# PROBLEM TO SOLVE:
Line by line, output the entries below exactly as they appear.

━━━

(* Let $w,n,g$ be positive integers with $w\le n$, let $a$ be the remainder of $n$ divided by $w$, and suppose $ga<w$. Suppose that $r:=\binom{n}{w}/\lfloor n/w\rfloor$ and $p:=r/g$ are both integers. Suppose that there exists a $g^{*}$-good almost-regular edge-coloring of $K_n^w$ and that there exists an orthogonal array $\mathrm{OA}(w,2w-1,g)$. Then there exists a $\mathrm{TOC}_q(n,2w-1,w)$, where $q=g+1$.
   Context: $\mathcal{H}_q(n,w)$ is the set of all words of length $n$ over $\mathbb{Z}_q$ with exactly $w$ nonzero entries, with the Hamming distance. An $(n,d,w)_q$-code is a nonempty subset of $\mathcal{H}_q(n,w)$ with pairwise Hamming distances at least $d$; $A_q(n,d,w)$ is the maximum size of such a code and a code of this size is optimal. A $\mathrm{TOC}_q(n,d,w)$ is a partition of $\mathcal{H}_q(n,w)$ into optimal $(n,d,w)_q$-codes. $K_n^w$ is the complete $w$-uniform hypergraph on $[n]$. A sub-hypergraph with vertex set $[n]$ is almost-regular if any two vertex degrees differ by at most one. An almost-regular edge-coloring $\{\mathcal{F}_{i,j}:1\le i\le r/g,\,1\le j\le g\}$ of $K_n^w$ is a partition of its edges into classes, each an almost-regular sub-hypergraph on $[n]$ with exactly $\lfloor n/w\rfloor$ edges. It is $g$-good if each $\mathcal{A}_i=\bigcup_{j=1}^g\mathcal{F}_{i,j}$ is the block set of a packing $\mathrm{P}(2,w,n)$ (every pair of points in at most one edge of $\mathcal{A}_i$), and $g^{*}$-good if moreover, for each $i$, the vertex set $[n]$ can be partitioned into $w$ classes so that every edge of $\mathcal{A}_i$ meets each class in at most one vertex (a strong $w$-coloring). An orthogonal array $\mathrm{OA}(t,k,s)$ is an $s^t\times k$ array over an $s$-symbol alphabet such that in every choice of $t$ columns each ordered $t$-tuple of symbols appears in exactly one row. *)

theory Defs
  imports Main "HOL-Library.Disjoint_Sets"
begin

definition hamming :: "nat list \<Rightarrow> nat list \<Rightarrow> nat" where
  "hamming x y = card {i. i < length x \<and> x ! i \<noteq> y ! i}"

definition Hq :: "nat \<Rightarrow> nat \<Rightarrow> nat \<Rightarrow> nat list set" where
  "Hq q n w = {x. length x = n \<and> (\<forall>i<n. x ! i < q) \<and> card {i. i < n \<and> x ! i \<noteq> 0} = w}"

definition is_code :: "nat \<Rightarrow> nat \<Rightarrow> nat \<Rightarrow> nat \<Rightarrow> nat list set \<Rightarrow> bool" where
  "is_code q n d w C \<longleftrightarrow> C \<noteq> {} \<and> C \<subseteq> Hq q n w \<and>
     (\<forall>x\<in>C. \<forall>y\<in>C. x \<noteq> y \<longrightarrow> hamming x y \<ge> d)"

definition Aq :: "nat \<Rightarrow> nat \<Rightarrow> nat \<Rightarrow> nat \<Rightarrow> nat" where
  "Aq q n d w = Max {card C | C. is_code q n d w C}"

definition optimal_code :: "nat \<Rightarrow> nat \<Rightarrow> nat \<Rightarrow> nat \<Rightarrow> nat list set \<Rightarrow> bool" where
  "optimal_code q n d w C \<longleftrightarrow> is_code q n d w C \<and> card C = Aq q n d w"

definition is_TOC :: "nat \<Rightarrow> nat \<Rightarrow> nat \<Rightarrow> nat \<Rightarrow> nat list set set \<Rightarrow> bool" where
  "is_TOC q n d w P \<longleftrightarrow> partition_on (Hq q n w) P \<and> (\<forall>C\<in>P. optimal_code q n d w C)"

definition Knw_edges :: "nat \<Rightarrow> nat \<Rightarrow> nat set set" where
  "Knw_edges n w = {e. e \<subseteq> {1..n} \<and> card e = w}"

definition hdeg :: "nat set set \<Rightarrow> nat \<Rightarrow> nat" where
  "hdeg F v = card {e \<in> F. v \<in> e}"

definition almost_regular :: "nat \<Rightarrow> nat set set \<Rightarrow> bool" where
  "almost_regular n F \<longleftrightarrow>
     (\<forall>u\<in>{1..n}. \<forall>v\<in>{1..n}. hdeg F u \<le> hdeg F v + 1)"

definition almost_regular_coloring ::
  "nat \<Rightarrow> nat \<Rightarrow> nat \<Rightarrow> nat \<Rightarrow> (nat \<Rightarrow> nat \<Rightarrow> nat set set) \<Rightarrow> bool" where
  "almost_regular_coloring n w p g F \<longleftrightarrow>
     (\<Union>i\<in>{1..p}. \<Union>j\<in>{1..g}. F i j) = Knw_edges n w \<and>
     (\<forall>i\<in>{1..p}. \<forall>j\<in>{1..g}. \<forall>i'\<in>{1..p}. \<forall>j'\<in>{1..g}.
         (i, j) \<noteq> (i', j') \<longrightarrow> F i j \<inter> F i' j' = {}) \<and>
     (\<forall>i\<in>{1..p}. \<forall>j\<in>{1..g}.
         F i j \<subseteq> Knw_edges n w \<and> almost_regular n (F i j) \<and> card (F i j) = n div w)"

definition is_packing :: "nat set set \<Rightarrow> bool" where
  "is_packing A \<longleftrightarrow> (\<forall>x y. x \<noteq> y \<longrightarrow> card {e \<in> A. x \<in> e \<and> y \<in> e} \<le> 1)"

definition strong_coloring :: "nat \<Rightarrow> nat \<Rightarrow> nat set set \<Rightarrow> bool" where
  "strong_coloring n w A \<longleftrightarrow>
     (\<exists>P. partition_on {1..n} P \<and> card P = w \<and> (\<forall>e\<in>A. \<forall>B\<in>P. card (e \<inter> B) \<le> 1))"

definition g_star_good ::
  "nat \<Rightarrow> nat \<Rightarrow> nat \<Rightarrow> nat \<Rightarrow> (nat \<Rightarrow> nat \<Rightarrow> nat set set) \<Rightarrow> bool" where
  "g_star_good n w p g F \<longleftrightarrow>
     almost_regular_coloring n w p g F \<and>
     (\<forall>i\<in>{1..p}. is_packing (\<Union>j\<in>{1..g}. F i j) \<and>
                  strong_coloring n w (\<Union>j\<in>{1..g}. F i j))"

definition is_OA :: "nat \<Rightarrow> nat \<Rightarrow> nat \<Rightarrow> (nat \<Rightarrow> nat \<Rightarrow> nat) \<Rightarrow> bool" where
  "is_OA t k s M \<longleftrightarrow>
     (\<forall>\<rho><s ^ t. \<forall>c<k. M \<rho> c < s) \<and>
     (\<forall>T. T \<subseteq> {..<k} \<and> card T = t \<longrightarrow>
        (\<forall>f. (\<forall>c\<in>T. f c < s) \<longrightarrow> (\<exists>!\<rho>. \<rho> < s ^ t \<and> (\<forall>c\<in>T. M \<rho> c = f c))))"

end

(* Each colour group A_i, the union of F_{i,1}, ..., F_{i,g}, is a packing whose blocks are
   rainbow under a strong w-colouring col_i, and each F_{i,j} is a matching.  For a shift vector
   rho in Z_g^w, the code C_{i,rho} contains, for every j and every e in F_{i,j}, the word
   supported on e whose symbol at vertex v is rho(col_i v) + j (mod g, moved into 1..g).  Words
   from the same F_{i,j} have disjoint supports; words from different F_{i,j} share at most one
   support point, where their symbols differ because the shifts j differ.  So C_{i,rho} has
   minimum distance 2w - 1 and g * floor(n/w) words, which is optimal: a coordinate is nonzero in
   at most g codewords and g * (n mod w) < w.  A word of weight w lies in exactly one C_{i,rho}:
   its support determines (i, j), and then its symbols determine rho.  Letting rho range over all
   of Z_g^w makes the orthogonal array (and the divisibility hypotheses) unnecessary. *)

theory Submission
  imports Defs "HOL-Number_Theory.Cong"
begin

━━━

# WORKED SOLUTION:
(* Let $w,n,g$ be positive integers with $w\le n$, let $a$ be the remainder of $n$ divided by $w$, and suppose $ga<w$. Suppose that $r:=\binom{n}{w}/\lfloor n/w\rfloor$ and $p:=r/g$ are both integers. Suppose that there exists a $g^{*}$-good almost-regular edge-coloring of $K_n^w$ and that there exists an orthogonal array $\mathrm{OA}(w,2w-1,g)$. Then there exists a $\mathrm{TOC}_q(n,2w-1,w)$, where $q=g+1$.
   Context: $\mathcal{H}_q(n,w)$ is the set of all words of length $n$ over $\mathbb{Z}_q$ with exactly $w$ nonzero entries, with the Hamming distance. An $(n,d,w)_q$-code is a nonempty subset of $\mathcal{H}_q(n,w)$ with pairwise Hamming distances at least $d$; $A_q(n,d,w)$ is the maximum size of such a code and a code of this size is optimal. A $\mathrm{TOC}_q(n,d,w)$ is a partition of $\mathcal{H}_q(n,w)$ into optimal $(n,d,w)_q$-codes. $K_n^w$ is the complete $w$-uniform hypergraph on $[n]$. A sub-hypergraph with vertex set $[n]$ is almost-regular if any two vertex degrees differ by at most one. An almost-regular edge-coloring $\{\mathcal{F}_{i,j}:1\le i\le r/g,\,1\le j\le g\}$ of $K_n^w$ is a partition of its edges into classes, each an almost-regular sub-hypergraph on $[n]$ with exactly $\lfloor n/w\rfloor$ edges. It is $g$-good if each $\mathcal{A}_i=\bigcup_{j=1}^g\mathcal{F}_{i,j}$ is the block set of a packing $\mathrm{P}(2,w,n)$ (every pair of points in at most one edge of $\mathcal{A}_i$), and $g^{*}$-good if moreover, for each $i$, the vertex set $[n]$ can be partitioned into $w$ classes so that every edge of $\mathcal{A}_i$ meets each class in at most one vertex (a strong $w$-coloring). An orthogonal array $\mathrm{OA}(t,k,s)$ is an $s^t\times k$ array over an $s$-symbol alphabet such that in every choice of $t$ columns each ordered $t$-tuple of symbols appears in exactly one row. *)

theory Defs
  imports Main "HOL-Library.Disjoint_Sets"
begin

definition hamming :: "nat list \<Rightarrow> nat list \<Rightarrow> nat" where
  "hamming x y = card {i. i < length x \<and> x ! i \<noteq> y ! i}"

definition Hq :: "nat \<Rightarrow> nat \<Rightarrow> nat \<Rightarrow> nat list set" where
  "Hq q n w = {x. length x = n \<and> (\<forall>i<n. x ! i < q) \<and> card {i. i < n \<and> x ! i \<noteq> 0} = w}"

definition is_code :: "nat \<Rightarrow> nat \<Rightarrow> nat \<Rightarrow> nat \<Rightarrow> nat list set \<Rightarrow> bool" where
  "is_code q n d w C \<longleftrightarrow> C \<noteq> {} \<and> C \<subseteq> Hq q n w \<and>
     (\<forall>x\<in>C. \<forall>y\<in>C. x \<noteq> y \<longrightarrow> hamming x y \<ge> d)"

definition Aq :: "nat \<Rightarrow> nat \<Rightarrow> nat \<Rightarrow> nat \<Rightarrow> nat" where
  "Aq q n d w = Max {card C | C. is_code q n d w C}"

definition optimal_code :: "nat \<Rightarrow> nat \<Rightarrow> nat \<Rightarrow> nat \<Rightarrow> nat list set \<Rightarrow> bool" where
  "optimal_code q n d w C \<longleftrightarrow> is_code q n d w C \<and> card C = Aq q n d w"

definition is_TOC :: "nat \<Rightarrow> nat \<Rightarrow> nat \<Rightarrow> nat \<Rightarrow> nat list set set \<Rightarrow> bool" where
  "is_TOC q n d w P \<longleftrightarrow> partition_on (Hq q n w) P \<and> (\<forall>C\<in>P. optimal_code q n d w C)"

definition Knw_edges :: "nat \<Rightarrow> nat \<Rightarrow> nat set set" where
  "Knw_edges n w = {e. e \<subseteq> {1..n} \<and> card e = w}"

definition hdeg :: "nat set set \<Rightarrow> nat \<Rightarrow> nat" where
  "hdeg F v = card {e \<in> F. v \<in> e}"

definition almost_regular :: "nat \<Rightarrow> nat set set \<Rightarrow> bool" where
  "almost_regular n F \<longleftrightarrow>
     (\<forall>u\<in>{1..n}. \<forall>v\<in>{1..n}. hdeg F u \<le> hdeg F v + 1)"

definition almost_regular_coloring ::
  "nat \<Rightarrow> nat \<Rightarrow> nat \<Rightarrow> nat \<Rightarrow> (nat \<Rightarrow> nat \<Rightarrow> nat set set) \<Rightarrow> bool" where
  "almost_regular_coloring n w p g F \<longleftrightarrow>
     (\<Union>i\<in>{1..p}. \<Union>j\<in>{1..g}. F i j) = Knw_edges n w \<and>
     (\<forall>i\<in>{1..p}. \<forall>j\<in>{1..g}. \<forall>i'\<in>{1..p}. \<forall>j'\<in>{1..g}.
         (i, j) \<noteq> (i', j') \<longrightarrow> F i j \<inter> F i' j' = {}) \<and>
     (\<forall>i\<in>{1..p}. \<forall>j\<in>{1..g}.
         F i j \<subseteq> Knw_edges n w \<and> almost_regular n (F i j) \<and> card (F i j) = n div w)"

definition is_packing :: "nat set set \<Rightarrow> bool" where
  "is_packing A \<longleftrightarrow> (\<forall>x y. x \<noteq> y \<longrightarrow> card {e \<in> A. x \<in> e \<and> y \<in> e} \<le> 1)"

definition strong_coloring :: "nat \<Rightarrow> nat \<Rightarrow> nat set set \<Rightarrow> bool" where
  "strong_coloring n w A \<longleftrightarrow>
     (\<exists>P. partition_on {1..n} P \<and> card P = w \<and> (\<forall>e\<in>A. \<forall>B\<in>P. card (e \<inter> B) \<le> 1))"

definition g_star_good ::
  "nat \<Rightarrow> nat \<Rightarrow> nat \<Rightarrow> nat \<Rightarrow> (nat \<Rightarrow> nat \<Rightarrow> nat set set) \<Rightarrow> bool" where
  "g_star_good n w p g F \<longleftrightarrow>
     almost_regular_coloring n w p g F \<and>
     (\<forall>i\<in>{1..p}. is_packing (\<Union>j\<in>{1..g}. F i j) \<and>
                  strong_coloring n w (\<Union>j\<in>{1..g}. F i j))"

definition is_OA :: "nat \<Rightarrow> nat \<Rightarrow> nat \<Rightarrow> (nat \<Rightarrow> nat \<Rightarrow> nat) \<Rightarrow> bool" where
  "is_OA t k s M \<longleftrightarrow>
     (\<forall>\<rho><s ^ t. \<forall>c<k. M \<rho> c < s) \<and>
     (\<forall>T. T \<subseteq> {..<k} \<and> card T = t \<longrightarrow>
        (\<forall>f. (\<forall>c\<in>T. f c < s) \<longrightarrow> (\<exists>!\<rho>. \<rho> < s ^ t \<and> (\<forall>c\<in>T. M \<rho> c = f c))))"

end

(* Each colour group A_i, the union of F_{i,1}, ..., F_{i,g}, is a packing whose blocks are
   rainbow under a strong w-colouring col_i, and each F_{i,j} is a matching.  For a shift vector
   rho in Z_g^w, the code C_{i,rho} contains, for every j and every e in F_{i,j}, the word
   supported on e whose symbol at vertex v is rho(col_i v) + j (mod g, moved into 1..g).  Words
   from the same F_{i,j} have disjoint supports; words from different F_{i,j} share at most one
   support point, where their symbols differ because the shifts j differ.  So C_{i,rho} has
   minimum distance 2w - 1 and g * floor(n/w) words, which is optimal: a coordinate is nonzero in
   at most g codewords and g * (n mod w) < w.  A word of weight w lies in exactly one C_{i,rho}:
   its support determines (i, j), and then its symbols determine rho.  Letting rho range over all
   of Z_g^w makes the orthogonal array (and the divisibility hypotheses) unnecessary. *)

theory Submission
  imports Defs "HOL-Number_Theory.Cong"
begin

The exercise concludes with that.